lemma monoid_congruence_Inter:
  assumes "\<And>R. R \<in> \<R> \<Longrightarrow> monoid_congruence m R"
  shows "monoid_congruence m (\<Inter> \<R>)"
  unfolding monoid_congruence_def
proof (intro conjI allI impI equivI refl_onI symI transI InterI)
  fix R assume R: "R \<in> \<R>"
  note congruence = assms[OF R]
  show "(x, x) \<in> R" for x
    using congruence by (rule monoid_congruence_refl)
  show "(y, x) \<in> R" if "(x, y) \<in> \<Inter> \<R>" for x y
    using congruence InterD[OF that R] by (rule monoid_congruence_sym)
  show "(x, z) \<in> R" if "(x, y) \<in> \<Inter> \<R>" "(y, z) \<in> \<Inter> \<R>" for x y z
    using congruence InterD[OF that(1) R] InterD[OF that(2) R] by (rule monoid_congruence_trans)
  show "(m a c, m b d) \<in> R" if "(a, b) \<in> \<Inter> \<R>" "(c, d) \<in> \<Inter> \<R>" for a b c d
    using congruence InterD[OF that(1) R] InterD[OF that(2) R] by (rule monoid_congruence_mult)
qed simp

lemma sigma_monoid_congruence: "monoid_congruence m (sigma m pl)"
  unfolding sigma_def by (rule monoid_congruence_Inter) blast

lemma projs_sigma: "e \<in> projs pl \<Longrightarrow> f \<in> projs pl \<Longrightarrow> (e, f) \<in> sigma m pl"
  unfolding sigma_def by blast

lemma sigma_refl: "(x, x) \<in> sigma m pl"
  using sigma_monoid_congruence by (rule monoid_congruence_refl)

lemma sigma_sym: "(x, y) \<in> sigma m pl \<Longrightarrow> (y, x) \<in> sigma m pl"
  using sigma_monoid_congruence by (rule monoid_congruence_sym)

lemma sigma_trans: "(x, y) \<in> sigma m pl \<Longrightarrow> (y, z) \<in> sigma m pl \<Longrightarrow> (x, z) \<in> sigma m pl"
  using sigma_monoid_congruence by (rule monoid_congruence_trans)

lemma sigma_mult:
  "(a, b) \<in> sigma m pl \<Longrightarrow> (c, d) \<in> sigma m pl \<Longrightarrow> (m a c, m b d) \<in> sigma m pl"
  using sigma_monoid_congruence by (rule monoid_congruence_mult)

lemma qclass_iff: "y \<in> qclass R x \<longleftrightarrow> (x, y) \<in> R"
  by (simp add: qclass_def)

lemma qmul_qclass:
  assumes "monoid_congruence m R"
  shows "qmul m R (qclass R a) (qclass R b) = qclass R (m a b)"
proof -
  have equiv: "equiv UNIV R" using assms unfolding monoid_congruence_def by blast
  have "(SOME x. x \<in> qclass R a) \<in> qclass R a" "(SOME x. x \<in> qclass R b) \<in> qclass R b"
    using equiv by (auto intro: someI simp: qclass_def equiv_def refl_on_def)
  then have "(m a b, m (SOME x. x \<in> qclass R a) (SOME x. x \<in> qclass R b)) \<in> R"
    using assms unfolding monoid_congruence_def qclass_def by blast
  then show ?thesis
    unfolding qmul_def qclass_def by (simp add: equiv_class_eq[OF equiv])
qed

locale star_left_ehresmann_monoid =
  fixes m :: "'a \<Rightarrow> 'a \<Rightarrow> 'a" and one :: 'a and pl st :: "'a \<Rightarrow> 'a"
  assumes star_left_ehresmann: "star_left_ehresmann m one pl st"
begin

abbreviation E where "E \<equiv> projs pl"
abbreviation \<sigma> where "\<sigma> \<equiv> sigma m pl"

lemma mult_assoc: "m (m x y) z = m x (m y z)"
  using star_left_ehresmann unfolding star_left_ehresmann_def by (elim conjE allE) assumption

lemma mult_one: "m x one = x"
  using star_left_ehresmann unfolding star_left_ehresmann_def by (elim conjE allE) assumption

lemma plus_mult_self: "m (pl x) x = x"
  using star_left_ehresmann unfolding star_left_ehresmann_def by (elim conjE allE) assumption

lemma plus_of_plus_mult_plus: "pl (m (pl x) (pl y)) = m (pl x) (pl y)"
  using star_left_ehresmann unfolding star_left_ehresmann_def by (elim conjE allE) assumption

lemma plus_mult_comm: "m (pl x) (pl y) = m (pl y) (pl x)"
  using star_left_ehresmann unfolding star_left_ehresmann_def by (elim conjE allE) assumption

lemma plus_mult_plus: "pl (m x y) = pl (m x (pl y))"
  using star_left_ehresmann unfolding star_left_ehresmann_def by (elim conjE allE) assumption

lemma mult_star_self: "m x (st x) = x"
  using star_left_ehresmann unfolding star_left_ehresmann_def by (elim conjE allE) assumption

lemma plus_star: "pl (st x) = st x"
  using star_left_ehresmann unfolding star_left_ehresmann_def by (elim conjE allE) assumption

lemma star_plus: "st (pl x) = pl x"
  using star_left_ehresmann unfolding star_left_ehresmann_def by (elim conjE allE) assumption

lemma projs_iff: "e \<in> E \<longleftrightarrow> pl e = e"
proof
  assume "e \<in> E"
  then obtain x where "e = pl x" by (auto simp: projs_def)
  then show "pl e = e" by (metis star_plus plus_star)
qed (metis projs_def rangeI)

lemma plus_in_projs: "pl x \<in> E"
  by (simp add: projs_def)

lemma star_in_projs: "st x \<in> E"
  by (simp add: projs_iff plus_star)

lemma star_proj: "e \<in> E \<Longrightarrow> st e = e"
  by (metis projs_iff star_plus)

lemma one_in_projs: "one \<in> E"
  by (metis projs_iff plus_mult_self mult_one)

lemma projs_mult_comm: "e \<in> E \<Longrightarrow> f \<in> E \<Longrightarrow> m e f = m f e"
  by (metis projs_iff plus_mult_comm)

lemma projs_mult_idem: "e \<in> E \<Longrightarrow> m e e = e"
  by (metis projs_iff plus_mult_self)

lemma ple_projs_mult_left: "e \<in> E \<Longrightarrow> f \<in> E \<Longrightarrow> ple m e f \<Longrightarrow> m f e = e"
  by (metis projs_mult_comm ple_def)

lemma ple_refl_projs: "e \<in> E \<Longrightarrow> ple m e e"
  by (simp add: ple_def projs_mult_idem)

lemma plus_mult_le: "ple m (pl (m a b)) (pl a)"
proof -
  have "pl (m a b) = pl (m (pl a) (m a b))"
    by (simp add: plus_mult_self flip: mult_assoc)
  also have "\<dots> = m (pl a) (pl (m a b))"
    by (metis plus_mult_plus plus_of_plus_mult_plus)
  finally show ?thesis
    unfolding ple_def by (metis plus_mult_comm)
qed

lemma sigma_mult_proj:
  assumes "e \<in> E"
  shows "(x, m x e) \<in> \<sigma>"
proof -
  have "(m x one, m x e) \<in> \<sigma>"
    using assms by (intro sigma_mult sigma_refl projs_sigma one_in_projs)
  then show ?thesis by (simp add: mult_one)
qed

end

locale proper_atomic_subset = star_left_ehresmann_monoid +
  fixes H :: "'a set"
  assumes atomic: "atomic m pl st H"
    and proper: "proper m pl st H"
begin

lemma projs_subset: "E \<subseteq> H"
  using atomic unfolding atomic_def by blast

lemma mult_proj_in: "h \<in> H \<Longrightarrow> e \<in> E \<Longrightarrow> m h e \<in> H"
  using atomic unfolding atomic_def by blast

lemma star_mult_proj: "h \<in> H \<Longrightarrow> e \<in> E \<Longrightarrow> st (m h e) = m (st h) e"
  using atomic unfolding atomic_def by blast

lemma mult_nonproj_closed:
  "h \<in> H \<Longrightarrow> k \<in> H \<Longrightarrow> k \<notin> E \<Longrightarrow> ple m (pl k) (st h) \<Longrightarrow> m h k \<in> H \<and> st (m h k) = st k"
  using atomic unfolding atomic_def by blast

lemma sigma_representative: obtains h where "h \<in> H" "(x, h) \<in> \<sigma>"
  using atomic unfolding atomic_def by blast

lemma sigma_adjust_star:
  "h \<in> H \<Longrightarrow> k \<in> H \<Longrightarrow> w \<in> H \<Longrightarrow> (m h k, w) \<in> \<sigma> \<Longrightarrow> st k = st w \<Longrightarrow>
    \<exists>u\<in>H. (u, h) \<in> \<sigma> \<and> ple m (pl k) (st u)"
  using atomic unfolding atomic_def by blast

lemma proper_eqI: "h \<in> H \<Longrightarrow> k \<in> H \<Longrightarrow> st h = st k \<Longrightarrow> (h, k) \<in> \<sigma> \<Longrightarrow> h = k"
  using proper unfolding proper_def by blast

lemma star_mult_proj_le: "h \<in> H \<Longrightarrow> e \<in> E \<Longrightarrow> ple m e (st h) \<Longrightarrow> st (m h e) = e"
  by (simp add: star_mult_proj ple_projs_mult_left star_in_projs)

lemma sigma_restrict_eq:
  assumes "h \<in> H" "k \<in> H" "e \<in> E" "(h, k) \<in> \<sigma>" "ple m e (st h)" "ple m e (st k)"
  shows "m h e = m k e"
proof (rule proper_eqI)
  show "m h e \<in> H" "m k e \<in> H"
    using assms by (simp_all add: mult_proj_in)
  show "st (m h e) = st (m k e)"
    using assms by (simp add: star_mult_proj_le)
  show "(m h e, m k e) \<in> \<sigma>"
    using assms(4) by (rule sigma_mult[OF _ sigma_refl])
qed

_What to work on_
Each line from the beginning of the listing up to the line where "using congruence by" appears needs to be given again exactly; please add nothing else.

_Result of this task_
lemma monoid_congruence_Inter:
  assumes "\<And>R. R \<in> \<R> \<Longrightarrow> monoid_congruence m R"
  shows "monoid_congruence m (\<Inter> \<R>)"
  unfolding monoid_congruence_def
proof (intro conjI allI impI equivI refl_onI symI transI InterI)
  fix R assume R: "R \<in> \<R>"
  note congruence = assms[OF R]
  show "(x, x) \<in> R" for x
    using congruence by (rule monoid_congruence_refl)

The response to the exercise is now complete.